### AIM OF THE EXERCISE
Retype, word for word, every line from the one holding "(\<exists>c d :: int." through the one holding "text \<open>A binary" in the entries below, both included, and only those lines.

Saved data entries
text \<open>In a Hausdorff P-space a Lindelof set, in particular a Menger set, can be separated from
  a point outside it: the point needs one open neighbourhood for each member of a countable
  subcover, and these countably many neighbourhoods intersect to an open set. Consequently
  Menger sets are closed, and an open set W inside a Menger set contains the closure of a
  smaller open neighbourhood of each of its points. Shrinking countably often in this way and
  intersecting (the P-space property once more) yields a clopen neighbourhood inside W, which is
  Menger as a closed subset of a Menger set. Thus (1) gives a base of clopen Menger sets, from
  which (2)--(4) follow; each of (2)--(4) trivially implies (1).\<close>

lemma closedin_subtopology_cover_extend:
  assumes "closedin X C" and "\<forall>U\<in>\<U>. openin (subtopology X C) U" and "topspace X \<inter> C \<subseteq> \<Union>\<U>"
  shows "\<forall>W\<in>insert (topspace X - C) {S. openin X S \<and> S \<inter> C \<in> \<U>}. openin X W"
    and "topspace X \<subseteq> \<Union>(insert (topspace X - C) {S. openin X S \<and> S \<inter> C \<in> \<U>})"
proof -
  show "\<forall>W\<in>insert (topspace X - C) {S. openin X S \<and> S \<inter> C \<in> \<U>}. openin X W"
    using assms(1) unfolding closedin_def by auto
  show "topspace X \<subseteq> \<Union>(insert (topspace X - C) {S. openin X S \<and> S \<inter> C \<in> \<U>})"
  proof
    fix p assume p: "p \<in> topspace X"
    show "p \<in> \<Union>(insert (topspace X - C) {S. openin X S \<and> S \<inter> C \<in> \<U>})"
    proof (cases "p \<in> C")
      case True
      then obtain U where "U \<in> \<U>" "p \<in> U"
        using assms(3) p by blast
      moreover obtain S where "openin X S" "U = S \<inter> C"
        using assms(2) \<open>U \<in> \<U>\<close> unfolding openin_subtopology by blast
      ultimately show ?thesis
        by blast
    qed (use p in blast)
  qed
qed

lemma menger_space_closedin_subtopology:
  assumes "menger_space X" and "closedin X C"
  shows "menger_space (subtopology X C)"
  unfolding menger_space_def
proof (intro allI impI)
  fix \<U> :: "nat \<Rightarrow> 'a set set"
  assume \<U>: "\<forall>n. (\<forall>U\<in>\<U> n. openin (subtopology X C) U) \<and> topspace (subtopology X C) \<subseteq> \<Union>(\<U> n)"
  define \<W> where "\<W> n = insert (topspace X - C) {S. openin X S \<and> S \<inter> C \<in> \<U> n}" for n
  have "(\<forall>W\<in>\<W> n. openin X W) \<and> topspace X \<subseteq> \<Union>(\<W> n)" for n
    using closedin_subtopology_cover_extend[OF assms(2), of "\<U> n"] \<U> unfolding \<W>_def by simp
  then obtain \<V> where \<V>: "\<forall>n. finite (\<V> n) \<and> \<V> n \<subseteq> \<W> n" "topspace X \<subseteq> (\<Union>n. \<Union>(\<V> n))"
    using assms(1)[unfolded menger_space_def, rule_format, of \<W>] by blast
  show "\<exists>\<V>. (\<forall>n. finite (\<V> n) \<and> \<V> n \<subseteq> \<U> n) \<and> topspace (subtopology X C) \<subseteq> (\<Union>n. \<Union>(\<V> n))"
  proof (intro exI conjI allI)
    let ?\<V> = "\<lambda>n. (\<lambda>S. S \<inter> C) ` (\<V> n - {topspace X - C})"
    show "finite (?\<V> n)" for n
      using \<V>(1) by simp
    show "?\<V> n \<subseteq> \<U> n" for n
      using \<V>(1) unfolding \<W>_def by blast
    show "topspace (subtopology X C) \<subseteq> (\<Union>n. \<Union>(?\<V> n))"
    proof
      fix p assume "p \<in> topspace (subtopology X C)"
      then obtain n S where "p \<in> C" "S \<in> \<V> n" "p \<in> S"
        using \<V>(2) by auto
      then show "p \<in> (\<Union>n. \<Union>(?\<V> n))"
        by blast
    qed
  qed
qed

---

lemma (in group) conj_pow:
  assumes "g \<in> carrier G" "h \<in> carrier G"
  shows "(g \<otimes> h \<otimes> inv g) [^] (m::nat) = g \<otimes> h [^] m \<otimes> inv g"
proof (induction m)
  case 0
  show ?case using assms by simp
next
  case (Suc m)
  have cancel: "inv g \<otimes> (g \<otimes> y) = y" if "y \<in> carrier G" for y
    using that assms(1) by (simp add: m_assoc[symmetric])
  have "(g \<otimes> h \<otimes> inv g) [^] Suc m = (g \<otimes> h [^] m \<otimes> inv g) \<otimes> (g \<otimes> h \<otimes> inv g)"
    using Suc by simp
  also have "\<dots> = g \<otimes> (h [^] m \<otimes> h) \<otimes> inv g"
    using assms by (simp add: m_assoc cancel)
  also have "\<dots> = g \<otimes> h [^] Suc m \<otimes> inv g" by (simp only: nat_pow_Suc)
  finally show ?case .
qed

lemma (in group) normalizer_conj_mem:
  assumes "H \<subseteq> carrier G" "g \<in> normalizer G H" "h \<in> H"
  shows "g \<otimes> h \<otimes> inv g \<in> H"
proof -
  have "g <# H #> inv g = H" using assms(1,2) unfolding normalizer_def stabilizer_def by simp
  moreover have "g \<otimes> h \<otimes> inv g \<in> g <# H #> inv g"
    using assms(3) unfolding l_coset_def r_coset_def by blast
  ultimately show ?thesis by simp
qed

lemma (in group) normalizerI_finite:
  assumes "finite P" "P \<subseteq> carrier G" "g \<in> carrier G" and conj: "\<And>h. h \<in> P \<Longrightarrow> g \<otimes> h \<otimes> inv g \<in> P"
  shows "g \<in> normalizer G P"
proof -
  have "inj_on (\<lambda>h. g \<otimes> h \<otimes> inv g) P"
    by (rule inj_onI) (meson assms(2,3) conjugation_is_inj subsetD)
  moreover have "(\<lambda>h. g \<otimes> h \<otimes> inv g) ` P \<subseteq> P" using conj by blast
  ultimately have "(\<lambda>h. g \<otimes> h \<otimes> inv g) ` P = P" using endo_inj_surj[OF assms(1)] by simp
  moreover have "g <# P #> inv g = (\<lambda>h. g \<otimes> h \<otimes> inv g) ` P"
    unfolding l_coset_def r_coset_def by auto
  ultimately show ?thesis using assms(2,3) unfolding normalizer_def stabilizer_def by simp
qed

* * *

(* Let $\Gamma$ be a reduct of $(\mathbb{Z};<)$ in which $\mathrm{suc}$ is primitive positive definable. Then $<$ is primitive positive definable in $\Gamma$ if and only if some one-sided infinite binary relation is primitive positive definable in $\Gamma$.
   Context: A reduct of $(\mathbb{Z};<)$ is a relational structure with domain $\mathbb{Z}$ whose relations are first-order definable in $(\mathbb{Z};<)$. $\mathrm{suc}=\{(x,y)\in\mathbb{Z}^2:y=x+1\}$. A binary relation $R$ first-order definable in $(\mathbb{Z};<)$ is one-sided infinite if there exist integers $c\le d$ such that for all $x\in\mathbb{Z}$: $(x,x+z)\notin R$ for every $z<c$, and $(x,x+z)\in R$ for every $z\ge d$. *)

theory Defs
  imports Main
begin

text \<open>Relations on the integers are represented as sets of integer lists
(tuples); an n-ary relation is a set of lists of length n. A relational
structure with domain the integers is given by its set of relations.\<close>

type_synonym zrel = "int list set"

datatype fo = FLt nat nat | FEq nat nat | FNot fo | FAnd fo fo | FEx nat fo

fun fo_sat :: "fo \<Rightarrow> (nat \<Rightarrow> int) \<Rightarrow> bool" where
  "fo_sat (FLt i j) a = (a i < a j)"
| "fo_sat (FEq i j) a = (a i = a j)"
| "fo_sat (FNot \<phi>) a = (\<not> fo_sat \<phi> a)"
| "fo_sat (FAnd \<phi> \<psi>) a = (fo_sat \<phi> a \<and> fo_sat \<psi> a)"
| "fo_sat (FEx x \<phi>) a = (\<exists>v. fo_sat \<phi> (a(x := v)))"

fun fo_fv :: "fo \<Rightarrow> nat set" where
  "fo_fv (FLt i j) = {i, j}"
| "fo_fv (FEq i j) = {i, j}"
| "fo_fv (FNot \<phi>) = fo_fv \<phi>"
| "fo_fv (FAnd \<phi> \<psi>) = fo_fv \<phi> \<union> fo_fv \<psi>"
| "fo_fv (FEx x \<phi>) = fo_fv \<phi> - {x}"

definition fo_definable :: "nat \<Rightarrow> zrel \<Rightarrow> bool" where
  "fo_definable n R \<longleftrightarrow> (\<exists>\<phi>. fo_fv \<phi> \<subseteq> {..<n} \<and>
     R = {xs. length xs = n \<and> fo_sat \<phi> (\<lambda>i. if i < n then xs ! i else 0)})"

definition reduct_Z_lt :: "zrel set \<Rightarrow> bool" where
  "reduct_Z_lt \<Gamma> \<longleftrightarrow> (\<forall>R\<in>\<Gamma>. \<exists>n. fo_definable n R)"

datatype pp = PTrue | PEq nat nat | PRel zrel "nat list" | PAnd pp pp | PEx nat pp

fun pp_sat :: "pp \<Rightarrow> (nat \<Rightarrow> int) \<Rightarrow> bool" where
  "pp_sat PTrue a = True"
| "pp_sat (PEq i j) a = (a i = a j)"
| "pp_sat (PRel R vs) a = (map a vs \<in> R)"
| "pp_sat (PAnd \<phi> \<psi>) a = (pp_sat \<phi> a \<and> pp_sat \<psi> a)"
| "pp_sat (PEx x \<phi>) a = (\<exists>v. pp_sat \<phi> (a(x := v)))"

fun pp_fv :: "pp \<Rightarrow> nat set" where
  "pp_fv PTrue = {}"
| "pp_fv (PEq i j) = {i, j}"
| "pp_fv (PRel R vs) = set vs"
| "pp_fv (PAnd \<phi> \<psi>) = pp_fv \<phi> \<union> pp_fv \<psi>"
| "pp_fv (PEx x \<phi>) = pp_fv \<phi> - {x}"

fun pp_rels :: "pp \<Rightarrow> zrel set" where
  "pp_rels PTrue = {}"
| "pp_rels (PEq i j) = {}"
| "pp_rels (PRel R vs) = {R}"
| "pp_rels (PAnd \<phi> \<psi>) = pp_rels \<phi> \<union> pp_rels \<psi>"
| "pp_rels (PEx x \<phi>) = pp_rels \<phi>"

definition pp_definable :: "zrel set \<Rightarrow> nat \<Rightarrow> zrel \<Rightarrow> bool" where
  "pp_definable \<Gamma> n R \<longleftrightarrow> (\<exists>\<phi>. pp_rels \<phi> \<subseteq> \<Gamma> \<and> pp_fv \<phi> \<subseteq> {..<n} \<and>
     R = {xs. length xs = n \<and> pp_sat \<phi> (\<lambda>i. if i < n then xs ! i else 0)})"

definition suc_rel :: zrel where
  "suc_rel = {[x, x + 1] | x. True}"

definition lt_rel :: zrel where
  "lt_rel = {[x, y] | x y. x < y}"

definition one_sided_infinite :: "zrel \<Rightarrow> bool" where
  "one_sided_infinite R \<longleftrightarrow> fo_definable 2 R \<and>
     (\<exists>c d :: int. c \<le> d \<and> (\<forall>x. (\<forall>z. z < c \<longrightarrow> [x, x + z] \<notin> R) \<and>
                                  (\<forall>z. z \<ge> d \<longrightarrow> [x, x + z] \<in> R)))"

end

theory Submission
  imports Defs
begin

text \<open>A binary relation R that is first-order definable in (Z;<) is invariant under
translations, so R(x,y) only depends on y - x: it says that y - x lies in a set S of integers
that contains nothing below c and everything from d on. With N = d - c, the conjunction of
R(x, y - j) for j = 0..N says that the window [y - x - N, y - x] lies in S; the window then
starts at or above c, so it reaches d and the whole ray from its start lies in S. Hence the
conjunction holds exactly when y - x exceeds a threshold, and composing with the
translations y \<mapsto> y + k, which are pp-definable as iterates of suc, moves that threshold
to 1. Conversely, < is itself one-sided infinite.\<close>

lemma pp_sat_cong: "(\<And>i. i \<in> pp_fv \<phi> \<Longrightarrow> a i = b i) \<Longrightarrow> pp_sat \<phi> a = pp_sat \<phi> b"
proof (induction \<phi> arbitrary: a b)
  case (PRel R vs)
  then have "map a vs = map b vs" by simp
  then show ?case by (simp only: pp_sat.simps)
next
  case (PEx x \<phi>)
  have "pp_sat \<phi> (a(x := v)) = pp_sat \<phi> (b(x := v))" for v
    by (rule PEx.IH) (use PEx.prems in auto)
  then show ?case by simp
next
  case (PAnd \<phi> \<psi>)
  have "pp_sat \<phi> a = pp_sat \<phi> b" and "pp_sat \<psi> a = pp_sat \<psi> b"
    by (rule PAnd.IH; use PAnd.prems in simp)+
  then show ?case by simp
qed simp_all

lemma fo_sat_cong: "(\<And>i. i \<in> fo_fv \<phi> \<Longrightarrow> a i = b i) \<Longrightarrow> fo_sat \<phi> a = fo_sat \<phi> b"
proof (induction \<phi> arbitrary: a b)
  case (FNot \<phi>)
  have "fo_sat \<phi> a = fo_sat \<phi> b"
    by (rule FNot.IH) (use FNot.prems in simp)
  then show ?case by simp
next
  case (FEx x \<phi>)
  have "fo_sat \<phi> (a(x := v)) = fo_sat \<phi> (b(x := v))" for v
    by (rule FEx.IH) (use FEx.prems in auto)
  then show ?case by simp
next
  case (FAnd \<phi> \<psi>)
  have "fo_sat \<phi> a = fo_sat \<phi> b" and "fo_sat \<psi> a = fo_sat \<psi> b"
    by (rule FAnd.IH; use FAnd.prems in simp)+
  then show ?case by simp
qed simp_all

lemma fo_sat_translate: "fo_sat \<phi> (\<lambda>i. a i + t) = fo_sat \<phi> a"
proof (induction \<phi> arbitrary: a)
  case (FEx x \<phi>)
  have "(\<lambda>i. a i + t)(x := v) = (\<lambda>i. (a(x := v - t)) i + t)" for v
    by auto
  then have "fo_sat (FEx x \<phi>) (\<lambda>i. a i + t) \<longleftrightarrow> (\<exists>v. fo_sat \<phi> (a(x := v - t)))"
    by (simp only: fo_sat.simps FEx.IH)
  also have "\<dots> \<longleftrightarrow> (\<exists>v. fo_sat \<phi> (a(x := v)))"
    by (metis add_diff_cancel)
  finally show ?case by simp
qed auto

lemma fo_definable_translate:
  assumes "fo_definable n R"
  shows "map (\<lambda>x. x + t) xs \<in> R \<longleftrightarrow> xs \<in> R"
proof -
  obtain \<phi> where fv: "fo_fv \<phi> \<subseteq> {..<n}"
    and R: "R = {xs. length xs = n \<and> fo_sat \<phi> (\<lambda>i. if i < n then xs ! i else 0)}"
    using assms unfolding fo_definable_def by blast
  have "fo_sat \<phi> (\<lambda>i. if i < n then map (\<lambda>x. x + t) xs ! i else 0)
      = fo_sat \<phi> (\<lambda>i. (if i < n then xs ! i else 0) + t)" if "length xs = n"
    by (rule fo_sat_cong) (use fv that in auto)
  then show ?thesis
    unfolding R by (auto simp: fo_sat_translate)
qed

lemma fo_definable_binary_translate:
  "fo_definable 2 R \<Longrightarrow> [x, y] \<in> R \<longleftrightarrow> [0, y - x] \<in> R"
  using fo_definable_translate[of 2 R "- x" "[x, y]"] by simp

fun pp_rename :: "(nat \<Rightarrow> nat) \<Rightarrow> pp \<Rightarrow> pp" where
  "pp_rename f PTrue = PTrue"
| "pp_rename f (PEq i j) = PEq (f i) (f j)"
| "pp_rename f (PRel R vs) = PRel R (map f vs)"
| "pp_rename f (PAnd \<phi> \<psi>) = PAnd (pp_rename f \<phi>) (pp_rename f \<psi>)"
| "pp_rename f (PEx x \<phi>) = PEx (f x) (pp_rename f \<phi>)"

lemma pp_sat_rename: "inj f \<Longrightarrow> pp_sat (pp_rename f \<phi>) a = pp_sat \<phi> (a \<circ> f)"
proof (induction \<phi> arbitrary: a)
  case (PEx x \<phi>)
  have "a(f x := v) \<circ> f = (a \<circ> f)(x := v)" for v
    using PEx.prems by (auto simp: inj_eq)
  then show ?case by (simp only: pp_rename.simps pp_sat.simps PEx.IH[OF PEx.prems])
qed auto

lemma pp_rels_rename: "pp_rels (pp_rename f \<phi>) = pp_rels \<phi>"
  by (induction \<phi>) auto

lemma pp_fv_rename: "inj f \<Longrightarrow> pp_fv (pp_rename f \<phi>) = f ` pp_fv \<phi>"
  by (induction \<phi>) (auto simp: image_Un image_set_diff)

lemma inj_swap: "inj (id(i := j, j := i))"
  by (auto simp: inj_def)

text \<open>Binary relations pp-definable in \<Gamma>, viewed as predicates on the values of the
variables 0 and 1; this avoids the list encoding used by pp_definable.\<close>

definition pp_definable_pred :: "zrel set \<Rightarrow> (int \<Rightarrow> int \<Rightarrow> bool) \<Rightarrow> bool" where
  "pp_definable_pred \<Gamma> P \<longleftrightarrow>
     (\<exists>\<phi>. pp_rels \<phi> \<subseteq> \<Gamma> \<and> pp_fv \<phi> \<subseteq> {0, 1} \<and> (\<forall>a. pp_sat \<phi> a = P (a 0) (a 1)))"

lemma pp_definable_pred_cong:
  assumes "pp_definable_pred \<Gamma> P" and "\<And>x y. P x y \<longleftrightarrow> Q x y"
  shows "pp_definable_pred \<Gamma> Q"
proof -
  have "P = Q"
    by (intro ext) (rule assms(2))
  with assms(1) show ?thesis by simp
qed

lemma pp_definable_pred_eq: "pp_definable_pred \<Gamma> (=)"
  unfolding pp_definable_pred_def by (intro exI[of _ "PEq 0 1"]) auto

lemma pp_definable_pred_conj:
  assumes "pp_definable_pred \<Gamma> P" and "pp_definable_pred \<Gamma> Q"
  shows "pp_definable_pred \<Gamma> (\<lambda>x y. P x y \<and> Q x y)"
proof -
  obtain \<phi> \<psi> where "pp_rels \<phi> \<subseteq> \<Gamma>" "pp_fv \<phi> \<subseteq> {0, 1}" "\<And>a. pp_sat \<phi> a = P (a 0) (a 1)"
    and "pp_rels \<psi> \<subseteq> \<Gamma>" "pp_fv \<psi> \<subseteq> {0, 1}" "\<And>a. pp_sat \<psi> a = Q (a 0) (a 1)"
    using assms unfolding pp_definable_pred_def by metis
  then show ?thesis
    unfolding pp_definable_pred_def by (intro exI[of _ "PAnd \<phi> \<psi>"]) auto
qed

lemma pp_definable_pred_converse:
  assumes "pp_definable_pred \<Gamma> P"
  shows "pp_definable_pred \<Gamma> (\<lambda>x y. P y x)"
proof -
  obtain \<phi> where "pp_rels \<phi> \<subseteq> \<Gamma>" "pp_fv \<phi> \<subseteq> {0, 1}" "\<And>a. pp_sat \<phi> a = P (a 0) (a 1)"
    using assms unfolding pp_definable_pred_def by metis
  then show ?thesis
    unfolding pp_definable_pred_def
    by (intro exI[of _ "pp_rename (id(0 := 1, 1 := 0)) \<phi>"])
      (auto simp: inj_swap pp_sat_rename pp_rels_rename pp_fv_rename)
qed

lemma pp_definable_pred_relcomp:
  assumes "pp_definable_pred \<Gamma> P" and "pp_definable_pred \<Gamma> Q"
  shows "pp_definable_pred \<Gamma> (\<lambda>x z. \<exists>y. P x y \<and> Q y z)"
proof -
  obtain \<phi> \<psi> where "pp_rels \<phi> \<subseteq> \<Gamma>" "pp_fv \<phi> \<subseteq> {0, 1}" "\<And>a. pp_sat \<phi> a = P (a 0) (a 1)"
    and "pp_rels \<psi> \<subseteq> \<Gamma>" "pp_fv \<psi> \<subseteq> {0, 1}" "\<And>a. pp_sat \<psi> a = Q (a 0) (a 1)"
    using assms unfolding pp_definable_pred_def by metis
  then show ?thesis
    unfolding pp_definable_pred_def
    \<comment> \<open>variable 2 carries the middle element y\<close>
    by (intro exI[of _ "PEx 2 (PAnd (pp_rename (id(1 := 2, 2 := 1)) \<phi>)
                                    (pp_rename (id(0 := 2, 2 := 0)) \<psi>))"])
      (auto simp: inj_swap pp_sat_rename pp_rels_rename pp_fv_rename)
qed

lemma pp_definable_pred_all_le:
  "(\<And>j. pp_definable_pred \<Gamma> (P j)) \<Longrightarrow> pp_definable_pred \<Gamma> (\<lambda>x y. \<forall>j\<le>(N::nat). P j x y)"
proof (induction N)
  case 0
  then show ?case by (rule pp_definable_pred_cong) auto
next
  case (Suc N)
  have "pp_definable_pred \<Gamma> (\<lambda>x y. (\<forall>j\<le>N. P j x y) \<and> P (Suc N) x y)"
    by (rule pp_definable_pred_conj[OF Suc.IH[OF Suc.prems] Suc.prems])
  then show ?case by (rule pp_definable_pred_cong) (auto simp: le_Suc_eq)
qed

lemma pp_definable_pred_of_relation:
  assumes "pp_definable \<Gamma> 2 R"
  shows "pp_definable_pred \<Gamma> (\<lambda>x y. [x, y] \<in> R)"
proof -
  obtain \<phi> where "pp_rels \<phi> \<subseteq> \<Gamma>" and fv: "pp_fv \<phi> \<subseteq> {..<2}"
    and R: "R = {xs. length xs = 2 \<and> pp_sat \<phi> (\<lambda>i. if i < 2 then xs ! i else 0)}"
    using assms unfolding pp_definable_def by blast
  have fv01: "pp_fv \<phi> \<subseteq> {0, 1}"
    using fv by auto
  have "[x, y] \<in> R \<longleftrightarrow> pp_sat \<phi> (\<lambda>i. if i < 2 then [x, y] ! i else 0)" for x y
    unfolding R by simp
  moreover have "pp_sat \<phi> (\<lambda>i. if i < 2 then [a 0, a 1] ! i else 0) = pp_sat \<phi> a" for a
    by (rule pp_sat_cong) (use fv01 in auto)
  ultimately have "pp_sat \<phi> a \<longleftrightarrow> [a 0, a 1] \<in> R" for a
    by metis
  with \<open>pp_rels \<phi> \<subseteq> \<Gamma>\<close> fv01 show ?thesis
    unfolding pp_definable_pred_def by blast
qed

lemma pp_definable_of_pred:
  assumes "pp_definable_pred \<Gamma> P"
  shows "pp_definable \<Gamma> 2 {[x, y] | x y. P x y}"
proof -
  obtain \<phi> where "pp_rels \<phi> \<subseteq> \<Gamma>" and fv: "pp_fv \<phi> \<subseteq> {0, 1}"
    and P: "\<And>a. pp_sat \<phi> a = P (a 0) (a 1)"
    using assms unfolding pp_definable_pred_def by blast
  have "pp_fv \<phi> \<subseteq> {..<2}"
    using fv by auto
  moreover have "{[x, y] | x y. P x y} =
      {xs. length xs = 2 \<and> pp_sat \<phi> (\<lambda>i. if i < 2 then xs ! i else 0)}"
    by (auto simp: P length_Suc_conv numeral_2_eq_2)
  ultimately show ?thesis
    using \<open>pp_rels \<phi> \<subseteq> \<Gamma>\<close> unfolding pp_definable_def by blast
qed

### ANSWER SPACE
     (\<exists>c d :: int. c \<le> d \<and> (\<forall>x. (\<forall>z. z < c \<longrightarrow> [x, x + z] \<notin> R) \<and>
                                  (\<forall>z. z \<ge> d \<longrightarrow> [x, x + z] \<in> R)))"

end

theory Submission
  imports Defs
begin

text \<open>A binary relation R that is first-order definable in (Z;<) is invariant under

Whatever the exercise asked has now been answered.